The problem: Each line in the entries below that contains the word "loop" counts once. Report how many there are and nothing more.

Available data:
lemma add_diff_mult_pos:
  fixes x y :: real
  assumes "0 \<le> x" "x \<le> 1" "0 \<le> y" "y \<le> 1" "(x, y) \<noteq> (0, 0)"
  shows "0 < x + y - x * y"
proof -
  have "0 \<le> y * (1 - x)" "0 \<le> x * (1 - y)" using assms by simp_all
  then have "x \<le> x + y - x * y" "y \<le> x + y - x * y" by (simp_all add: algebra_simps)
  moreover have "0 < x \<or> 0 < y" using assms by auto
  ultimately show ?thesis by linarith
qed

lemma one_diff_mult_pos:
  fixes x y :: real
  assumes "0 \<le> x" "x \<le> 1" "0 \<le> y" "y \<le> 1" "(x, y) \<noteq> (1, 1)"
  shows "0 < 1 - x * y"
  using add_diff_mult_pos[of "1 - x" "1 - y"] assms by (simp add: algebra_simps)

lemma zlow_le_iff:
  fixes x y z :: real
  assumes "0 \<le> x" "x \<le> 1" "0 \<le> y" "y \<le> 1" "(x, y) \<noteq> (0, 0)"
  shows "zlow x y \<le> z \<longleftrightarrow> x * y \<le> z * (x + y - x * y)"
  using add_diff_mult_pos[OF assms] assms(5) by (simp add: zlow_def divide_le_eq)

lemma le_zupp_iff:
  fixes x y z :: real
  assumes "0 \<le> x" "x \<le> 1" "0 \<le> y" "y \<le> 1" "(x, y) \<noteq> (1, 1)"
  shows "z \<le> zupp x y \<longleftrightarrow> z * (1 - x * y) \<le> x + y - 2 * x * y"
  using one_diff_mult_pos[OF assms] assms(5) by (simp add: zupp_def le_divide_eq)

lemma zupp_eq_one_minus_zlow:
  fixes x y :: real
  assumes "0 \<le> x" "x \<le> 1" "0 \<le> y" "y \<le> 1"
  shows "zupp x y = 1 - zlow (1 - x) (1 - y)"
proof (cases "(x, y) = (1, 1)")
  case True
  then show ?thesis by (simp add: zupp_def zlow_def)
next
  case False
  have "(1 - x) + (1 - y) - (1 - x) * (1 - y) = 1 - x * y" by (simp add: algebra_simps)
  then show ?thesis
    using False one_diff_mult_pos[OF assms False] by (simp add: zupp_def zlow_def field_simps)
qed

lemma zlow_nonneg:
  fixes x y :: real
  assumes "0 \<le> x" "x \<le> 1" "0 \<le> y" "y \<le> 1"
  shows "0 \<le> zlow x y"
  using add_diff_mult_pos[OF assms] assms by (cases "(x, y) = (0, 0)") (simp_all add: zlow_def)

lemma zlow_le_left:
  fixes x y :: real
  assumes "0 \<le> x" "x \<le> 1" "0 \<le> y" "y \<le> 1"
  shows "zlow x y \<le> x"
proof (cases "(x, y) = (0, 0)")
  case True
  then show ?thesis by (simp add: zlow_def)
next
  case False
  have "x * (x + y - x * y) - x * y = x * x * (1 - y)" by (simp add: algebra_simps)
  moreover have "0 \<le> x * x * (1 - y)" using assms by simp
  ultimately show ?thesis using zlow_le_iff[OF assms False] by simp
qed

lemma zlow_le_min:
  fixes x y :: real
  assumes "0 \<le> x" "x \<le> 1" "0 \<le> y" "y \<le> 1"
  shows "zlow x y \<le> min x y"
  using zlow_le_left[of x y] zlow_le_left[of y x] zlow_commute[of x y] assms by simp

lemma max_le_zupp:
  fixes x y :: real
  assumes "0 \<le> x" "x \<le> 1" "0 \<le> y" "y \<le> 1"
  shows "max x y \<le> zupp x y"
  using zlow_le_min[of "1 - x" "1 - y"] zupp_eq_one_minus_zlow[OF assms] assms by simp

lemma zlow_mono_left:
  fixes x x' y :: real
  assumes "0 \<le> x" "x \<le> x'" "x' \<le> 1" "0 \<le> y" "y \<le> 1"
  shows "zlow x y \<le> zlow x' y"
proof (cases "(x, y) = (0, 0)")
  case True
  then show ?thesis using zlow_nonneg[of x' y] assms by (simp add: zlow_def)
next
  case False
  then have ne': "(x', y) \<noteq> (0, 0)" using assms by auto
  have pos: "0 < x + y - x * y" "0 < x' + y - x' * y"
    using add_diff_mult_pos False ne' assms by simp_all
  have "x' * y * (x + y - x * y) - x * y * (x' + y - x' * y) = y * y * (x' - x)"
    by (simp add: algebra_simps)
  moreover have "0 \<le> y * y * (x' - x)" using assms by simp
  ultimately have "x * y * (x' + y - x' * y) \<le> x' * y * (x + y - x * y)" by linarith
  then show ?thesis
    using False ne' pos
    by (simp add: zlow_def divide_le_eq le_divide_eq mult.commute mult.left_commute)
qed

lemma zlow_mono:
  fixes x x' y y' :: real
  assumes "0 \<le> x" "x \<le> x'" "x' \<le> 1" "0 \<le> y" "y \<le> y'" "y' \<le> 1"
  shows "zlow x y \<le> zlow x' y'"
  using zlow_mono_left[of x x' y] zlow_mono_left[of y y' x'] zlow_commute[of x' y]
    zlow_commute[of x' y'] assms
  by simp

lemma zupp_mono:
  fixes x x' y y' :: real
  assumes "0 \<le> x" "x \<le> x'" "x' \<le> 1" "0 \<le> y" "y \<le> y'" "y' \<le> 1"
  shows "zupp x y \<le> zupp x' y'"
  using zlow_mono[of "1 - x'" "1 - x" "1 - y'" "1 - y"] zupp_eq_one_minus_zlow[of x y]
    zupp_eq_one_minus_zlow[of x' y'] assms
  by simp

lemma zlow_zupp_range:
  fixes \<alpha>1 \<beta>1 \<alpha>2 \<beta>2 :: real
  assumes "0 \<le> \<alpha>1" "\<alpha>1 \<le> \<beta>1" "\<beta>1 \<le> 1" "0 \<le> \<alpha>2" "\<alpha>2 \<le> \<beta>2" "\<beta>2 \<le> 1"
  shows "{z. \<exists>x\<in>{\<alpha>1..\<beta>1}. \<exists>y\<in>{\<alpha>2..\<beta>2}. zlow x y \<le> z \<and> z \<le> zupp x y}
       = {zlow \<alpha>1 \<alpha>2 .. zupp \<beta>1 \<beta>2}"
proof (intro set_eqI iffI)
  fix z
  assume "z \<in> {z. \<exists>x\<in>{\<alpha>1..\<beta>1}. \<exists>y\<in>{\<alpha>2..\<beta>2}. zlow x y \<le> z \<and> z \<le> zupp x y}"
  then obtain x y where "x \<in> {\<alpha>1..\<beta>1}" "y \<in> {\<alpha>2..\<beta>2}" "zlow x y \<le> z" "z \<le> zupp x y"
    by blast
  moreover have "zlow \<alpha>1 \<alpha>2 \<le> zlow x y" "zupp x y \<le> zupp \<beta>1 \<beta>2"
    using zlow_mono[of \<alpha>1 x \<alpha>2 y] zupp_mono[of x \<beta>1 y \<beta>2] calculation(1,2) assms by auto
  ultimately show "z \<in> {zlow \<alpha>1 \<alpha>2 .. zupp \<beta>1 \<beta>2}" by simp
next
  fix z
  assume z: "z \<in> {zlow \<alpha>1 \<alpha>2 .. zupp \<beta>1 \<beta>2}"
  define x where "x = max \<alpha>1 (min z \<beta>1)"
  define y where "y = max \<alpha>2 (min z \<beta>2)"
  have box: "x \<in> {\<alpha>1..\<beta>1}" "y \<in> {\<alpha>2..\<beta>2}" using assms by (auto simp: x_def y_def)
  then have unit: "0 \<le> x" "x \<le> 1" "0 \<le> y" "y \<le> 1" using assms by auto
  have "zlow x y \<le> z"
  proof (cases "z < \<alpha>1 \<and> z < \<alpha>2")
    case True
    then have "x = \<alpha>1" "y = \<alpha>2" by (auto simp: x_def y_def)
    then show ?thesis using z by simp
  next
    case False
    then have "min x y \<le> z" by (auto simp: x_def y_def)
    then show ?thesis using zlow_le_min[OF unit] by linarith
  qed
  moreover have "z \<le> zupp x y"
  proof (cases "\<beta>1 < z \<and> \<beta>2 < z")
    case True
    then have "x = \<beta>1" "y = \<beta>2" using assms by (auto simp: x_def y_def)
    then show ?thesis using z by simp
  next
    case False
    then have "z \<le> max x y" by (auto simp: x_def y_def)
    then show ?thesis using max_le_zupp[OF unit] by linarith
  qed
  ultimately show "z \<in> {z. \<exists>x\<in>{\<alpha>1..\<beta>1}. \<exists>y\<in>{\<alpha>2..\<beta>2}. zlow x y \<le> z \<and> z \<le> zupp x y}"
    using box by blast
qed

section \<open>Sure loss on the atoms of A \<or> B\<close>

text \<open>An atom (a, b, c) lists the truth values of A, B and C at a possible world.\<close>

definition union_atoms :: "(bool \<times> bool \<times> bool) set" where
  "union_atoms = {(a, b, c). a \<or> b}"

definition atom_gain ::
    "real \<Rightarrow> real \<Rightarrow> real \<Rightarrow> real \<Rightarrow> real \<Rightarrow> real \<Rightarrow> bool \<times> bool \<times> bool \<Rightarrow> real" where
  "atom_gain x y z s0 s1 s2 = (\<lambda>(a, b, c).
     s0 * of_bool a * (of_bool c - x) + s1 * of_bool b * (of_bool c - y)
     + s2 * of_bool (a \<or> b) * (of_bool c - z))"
---
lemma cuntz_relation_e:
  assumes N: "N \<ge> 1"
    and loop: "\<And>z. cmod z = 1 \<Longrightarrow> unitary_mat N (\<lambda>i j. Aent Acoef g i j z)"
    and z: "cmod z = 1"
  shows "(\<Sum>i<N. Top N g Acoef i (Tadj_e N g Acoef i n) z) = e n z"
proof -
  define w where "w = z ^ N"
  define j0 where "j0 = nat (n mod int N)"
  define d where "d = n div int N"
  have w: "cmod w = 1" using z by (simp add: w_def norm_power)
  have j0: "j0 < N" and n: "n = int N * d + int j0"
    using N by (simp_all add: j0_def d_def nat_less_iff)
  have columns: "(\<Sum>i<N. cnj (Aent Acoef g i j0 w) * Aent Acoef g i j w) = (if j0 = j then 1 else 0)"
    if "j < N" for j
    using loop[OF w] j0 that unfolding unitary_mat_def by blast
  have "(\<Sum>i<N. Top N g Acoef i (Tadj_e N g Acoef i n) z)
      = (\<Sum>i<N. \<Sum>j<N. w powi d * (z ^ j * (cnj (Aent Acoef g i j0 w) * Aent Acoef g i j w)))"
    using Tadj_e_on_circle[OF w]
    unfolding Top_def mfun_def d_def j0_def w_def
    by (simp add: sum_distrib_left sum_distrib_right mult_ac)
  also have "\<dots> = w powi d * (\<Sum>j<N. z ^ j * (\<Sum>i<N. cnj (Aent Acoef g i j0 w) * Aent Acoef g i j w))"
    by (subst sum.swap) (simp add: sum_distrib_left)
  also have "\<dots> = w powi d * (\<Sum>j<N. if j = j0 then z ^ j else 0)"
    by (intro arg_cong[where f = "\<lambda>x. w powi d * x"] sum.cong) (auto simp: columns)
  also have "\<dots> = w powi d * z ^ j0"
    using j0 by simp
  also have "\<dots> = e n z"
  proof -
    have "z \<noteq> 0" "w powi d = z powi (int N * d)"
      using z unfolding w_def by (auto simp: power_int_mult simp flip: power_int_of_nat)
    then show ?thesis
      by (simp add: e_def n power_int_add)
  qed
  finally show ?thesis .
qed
* * *
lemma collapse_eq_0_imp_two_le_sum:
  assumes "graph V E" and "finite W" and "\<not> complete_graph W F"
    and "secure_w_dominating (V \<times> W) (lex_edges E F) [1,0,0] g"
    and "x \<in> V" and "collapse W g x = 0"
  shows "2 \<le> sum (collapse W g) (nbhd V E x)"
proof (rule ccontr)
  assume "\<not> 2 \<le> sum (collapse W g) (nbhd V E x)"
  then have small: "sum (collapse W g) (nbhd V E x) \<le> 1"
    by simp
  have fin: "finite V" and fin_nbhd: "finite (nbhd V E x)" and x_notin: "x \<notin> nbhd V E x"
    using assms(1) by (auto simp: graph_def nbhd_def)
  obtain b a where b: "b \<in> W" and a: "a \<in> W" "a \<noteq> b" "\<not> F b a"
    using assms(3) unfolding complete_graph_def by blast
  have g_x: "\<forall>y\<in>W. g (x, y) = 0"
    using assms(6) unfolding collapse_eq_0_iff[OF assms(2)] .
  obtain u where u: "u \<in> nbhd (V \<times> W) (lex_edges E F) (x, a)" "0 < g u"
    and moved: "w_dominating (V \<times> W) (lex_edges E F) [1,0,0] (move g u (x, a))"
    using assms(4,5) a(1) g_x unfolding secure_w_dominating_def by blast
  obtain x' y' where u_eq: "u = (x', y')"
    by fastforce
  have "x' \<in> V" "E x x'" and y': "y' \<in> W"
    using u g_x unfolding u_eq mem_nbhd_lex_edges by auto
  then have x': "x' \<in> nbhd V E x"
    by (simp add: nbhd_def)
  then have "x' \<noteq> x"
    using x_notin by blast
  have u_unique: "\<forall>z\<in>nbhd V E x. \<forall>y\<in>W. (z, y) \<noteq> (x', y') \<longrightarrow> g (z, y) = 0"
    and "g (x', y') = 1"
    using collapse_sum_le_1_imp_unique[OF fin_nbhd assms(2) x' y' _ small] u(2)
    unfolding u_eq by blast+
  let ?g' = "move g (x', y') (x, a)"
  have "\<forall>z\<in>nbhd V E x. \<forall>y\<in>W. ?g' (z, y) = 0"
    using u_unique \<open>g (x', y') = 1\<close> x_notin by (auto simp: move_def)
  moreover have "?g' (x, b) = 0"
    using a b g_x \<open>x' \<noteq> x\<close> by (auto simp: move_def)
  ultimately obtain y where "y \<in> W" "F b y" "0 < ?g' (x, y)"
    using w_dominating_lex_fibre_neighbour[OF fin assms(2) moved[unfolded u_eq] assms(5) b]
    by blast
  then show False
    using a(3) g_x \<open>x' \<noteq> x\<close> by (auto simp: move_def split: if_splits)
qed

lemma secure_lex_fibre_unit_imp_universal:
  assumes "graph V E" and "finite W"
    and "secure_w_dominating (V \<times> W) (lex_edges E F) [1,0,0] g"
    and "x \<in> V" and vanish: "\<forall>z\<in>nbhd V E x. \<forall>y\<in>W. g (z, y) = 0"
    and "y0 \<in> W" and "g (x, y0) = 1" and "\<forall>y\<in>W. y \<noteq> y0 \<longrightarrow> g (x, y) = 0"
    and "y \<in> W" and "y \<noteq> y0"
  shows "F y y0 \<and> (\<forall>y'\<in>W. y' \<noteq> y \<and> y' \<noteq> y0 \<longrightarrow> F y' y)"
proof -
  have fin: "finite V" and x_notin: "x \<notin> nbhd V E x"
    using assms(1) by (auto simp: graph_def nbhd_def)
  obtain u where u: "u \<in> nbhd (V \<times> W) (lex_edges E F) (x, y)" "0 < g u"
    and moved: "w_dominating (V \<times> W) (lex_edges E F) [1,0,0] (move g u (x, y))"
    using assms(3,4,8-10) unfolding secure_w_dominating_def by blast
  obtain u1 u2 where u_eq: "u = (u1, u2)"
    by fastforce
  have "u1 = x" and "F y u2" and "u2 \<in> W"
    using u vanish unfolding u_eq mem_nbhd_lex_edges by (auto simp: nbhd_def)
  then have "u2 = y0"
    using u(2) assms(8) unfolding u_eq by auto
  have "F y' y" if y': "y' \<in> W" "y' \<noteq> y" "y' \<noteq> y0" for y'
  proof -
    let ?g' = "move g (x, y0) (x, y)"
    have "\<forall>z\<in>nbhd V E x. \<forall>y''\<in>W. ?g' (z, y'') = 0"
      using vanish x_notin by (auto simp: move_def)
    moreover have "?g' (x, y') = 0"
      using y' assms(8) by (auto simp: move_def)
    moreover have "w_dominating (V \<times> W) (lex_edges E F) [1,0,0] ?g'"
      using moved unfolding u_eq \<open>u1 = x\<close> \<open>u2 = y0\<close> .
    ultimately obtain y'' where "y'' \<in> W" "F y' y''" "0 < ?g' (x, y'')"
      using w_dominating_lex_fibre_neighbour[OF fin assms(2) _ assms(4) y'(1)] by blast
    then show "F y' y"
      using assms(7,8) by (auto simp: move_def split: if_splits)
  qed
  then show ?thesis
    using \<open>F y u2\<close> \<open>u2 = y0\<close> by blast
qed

Task solution: 2